RECORDS FOR THIS EXERCISE START

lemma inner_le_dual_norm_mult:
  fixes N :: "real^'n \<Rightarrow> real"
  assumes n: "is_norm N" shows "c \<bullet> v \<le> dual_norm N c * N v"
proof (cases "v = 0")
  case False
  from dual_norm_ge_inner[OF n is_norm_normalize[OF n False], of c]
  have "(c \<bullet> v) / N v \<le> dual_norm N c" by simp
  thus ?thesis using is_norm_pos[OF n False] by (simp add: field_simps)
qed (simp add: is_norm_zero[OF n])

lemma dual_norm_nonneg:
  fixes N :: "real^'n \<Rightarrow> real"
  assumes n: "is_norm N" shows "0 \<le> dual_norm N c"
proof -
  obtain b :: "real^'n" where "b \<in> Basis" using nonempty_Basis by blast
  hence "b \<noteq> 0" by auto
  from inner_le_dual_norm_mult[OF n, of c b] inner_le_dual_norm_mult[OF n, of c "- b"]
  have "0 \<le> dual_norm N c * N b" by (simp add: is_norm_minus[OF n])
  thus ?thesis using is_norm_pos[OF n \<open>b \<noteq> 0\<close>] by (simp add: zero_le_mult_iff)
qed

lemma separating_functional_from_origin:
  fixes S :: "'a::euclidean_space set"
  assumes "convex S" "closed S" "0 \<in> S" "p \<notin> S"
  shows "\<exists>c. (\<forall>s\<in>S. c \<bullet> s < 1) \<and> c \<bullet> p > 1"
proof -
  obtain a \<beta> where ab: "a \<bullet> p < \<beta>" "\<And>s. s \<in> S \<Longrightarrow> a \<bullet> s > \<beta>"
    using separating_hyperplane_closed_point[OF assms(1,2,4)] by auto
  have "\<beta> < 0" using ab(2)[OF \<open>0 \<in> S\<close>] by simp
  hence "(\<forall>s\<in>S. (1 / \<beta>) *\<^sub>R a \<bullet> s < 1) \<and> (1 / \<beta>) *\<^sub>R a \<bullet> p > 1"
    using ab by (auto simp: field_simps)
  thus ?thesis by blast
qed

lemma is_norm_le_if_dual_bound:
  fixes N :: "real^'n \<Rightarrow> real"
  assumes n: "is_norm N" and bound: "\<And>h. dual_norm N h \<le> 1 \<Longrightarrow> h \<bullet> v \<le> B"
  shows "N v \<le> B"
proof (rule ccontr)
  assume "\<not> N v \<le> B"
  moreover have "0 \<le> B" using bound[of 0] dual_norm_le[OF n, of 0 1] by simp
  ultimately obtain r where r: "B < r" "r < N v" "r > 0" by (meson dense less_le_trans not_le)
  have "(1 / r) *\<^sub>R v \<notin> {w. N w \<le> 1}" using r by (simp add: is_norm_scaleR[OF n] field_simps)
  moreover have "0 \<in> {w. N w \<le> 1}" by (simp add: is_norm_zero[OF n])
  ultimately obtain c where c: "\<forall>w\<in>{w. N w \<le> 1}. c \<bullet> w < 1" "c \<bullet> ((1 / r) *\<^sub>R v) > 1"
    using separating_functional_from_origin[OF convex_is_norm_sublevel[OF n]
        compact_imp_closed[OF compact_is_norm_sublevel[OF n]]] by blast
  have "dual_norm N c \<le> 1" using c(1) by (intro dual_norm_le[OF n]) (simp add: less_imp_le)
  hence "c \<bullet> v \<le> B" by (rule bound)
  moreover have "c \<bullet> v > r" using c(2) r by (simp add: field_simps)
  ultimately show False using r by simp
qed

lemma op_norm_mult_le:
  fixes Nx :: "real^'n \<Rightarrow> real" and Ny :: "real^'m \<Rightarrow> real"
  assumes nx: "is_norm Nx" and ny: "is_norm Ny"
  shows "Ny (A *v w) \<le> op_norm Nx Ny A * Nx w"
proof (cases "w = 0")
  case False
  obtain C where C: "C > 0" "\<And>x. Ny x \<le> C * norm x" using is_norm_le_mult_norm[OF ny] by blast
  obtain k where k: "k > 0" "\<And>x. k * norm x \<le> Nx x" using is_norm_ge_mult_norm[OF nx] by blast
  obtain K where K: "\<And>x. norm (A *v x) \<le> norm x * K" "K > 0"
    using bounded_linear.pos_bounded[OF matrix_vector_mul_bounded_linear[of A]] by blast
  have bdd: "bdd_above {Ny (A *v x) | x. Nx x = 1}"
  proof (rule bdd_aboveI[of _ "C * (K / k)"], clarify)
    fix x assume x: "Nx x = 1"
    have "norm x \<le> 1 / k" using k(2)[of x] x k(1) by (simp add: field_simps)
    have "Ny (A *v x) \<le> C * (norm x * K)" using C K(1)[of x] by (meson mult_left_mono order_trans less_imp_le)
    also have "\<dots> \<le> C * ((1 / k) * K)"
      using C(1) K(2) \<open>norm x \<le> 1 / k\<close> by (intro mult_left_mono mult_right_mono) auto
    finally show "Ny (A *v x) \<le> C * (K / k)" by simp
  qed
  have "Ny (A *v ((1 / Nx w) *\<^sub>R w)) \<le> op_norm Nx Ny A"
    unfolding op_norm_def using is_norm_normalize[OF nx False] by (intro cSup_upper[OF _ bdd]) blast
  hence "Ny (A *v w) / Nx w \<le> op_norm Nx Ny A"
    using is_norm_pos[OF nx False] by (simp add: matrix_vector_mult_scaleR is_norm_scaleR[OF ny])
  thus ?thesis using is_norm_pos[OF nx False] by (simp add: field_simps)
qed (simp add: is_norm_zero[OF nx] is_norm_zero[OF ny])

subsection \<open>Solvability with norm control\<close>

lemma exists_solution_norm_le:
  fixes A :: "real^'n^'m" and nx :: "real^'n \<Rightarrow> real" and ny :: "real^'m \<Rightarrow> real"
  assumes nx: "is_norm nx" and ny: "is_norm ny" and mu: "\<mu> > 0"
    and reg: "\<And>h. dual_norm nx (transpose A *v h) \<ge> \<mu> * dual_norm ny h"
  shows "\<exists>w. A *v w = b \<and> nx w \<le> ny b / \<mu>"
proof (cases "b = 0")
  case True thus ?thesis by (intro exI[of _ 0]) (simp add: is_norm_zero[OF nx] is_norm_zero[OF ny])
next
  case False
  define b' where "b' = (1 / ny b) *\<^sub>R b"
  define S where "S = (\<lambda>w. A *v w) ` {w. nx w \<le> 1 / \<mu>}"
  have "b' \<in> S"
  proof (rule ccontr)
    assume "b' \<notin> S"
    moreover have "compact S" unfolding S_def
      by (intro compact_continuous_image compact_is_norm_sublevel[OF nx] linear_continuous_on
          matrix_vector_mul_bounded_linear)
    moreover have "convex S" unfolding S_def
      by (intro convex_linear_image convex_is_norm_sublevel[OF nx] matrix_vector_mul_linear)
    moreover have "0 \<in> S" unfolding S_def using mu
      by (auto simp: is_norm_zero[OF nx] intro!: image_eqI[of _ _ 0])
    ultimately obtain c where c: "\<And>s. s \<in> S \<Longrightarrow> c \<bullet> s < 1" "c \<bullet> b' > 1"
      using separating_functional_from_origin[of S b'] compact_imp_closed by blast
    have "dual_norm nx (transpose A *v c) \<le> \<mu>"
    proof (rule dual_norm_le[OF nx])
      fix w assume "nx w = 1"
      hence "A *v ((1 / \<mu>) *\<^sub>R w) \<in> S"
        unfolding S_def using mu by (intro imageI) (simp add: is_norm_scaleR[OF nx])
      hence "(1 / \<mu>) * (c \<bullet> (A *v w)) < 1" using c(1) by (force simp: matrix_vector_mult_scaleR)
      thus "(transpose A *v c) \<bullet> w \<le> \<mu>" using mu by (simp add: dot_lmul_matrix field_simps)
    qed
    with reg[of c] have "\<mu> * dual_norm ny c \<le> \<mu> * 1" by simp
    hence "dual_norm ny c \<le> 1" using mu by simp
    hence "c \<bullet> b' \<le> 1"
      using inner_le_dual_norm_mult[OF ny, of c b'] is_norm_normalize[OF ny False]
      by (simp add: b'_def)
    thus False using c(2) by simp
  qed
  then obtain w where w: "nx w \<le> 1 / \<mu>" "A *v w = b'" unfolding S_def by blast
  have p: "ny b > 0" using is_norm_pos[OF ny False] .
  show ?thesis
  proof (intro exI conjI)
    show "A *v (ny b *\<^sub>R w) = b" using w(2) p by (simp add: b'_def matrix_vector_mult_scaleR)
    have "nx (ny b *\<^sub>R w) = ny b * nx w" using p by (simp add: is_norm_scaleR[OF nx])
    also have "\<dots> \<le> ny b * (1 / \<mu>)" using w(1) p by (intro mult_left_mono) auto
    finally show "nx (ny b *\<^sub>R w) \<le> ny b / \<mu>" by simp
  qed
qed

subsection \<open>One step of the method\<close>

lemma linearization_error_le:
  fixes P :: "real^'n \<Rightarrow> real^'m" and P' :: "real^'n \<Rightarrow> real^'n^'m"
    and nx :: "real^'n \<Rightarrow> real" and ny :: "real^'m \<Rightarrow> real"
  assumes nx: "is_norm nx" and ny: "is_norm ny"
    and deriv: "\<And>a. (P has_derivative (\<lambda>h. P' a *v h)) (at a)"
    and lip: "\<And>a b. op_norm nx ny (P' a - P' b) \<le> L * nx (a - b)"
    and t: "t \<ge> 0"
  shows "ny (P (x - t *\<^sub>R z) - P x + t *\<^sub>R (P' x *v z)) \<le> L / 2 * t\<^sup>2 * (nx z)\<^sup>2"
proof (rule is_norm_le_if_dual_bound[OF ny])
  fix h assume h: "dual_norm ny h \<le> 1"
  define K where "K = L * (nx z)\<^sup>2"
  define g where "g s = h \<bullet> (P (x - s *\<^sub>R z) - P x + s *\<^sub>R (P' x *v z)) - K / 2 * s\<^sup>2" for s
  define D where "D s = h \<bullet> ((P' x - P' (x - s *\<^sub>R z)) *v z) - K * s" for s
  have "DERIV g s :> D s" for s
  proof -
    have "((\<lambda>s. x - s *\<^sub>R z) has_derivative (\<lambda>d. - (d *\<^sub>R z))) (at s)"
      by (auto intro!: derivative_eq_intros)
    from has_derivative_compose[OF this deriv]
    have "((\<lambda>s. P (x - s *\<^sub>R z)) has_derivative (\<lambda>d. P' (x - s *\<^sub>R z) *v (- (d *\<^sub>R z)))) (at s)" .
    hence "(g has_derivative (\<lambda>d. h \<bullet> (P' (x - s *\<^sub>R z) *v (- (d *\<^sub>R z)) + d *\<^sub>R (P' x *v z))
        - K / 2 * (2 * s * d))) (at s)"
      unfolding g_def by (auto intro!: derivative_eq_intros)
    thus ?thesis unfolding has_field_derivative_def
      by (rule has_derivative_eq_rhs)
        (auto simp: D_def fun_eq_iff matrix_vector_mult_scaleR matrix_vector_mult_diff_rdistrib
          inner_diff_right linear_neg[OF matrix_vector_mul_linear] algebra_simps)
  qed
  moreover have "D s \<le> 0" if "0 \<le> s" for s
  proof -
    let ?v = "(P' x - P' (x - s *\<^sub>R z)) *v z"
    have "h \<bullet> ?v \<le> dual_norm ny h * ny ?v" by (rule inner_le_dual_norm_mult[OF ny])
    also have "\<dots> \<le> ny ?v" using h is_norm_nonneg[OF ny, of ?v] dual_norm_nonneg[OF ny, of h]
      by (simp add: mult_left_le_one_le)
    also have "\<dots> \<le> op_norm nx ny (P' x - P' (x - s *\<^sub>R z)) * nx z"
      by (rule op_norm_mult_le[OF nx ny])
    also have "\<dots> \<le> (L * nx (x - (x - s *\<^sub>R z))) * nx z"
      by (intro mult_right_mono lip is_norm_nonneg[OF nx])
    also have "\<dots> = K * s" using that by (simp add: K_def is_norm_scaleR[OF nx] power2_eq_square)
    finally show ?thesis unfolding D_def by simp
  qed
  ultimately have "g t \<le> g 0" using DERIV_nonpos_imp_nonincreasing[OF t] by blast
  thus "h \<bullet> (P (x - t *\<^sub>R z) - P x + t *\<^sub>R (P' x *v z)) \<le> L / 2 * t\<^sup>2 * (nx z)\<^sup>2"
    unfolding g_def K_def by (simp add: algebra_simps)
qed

RECORDS FOR THIS EXERCISE END

Reproduce, word for word and in full, only the lines above that start at the line with "v \<le> dual_norm N c *" and run through the line with "thus ?thesis using is_norm_pos[OF n False]", both ends included.

SOLUTION TO THE PROBLEM:
  assumes n: "is_norm N" shows "c \<bullet> v \<le> dual_norm N c * N v"
proof (cases "v = 0")
  case False
  from dual_norm_ge_inner[OF n is_norm_normalize[OF n False], of c]
  have "(c \<bullet> v) / N v \<le> dual_norm N c" by simp
  thus ?thesis using is_norm_pos[OF n False] by (simp add: field_simps)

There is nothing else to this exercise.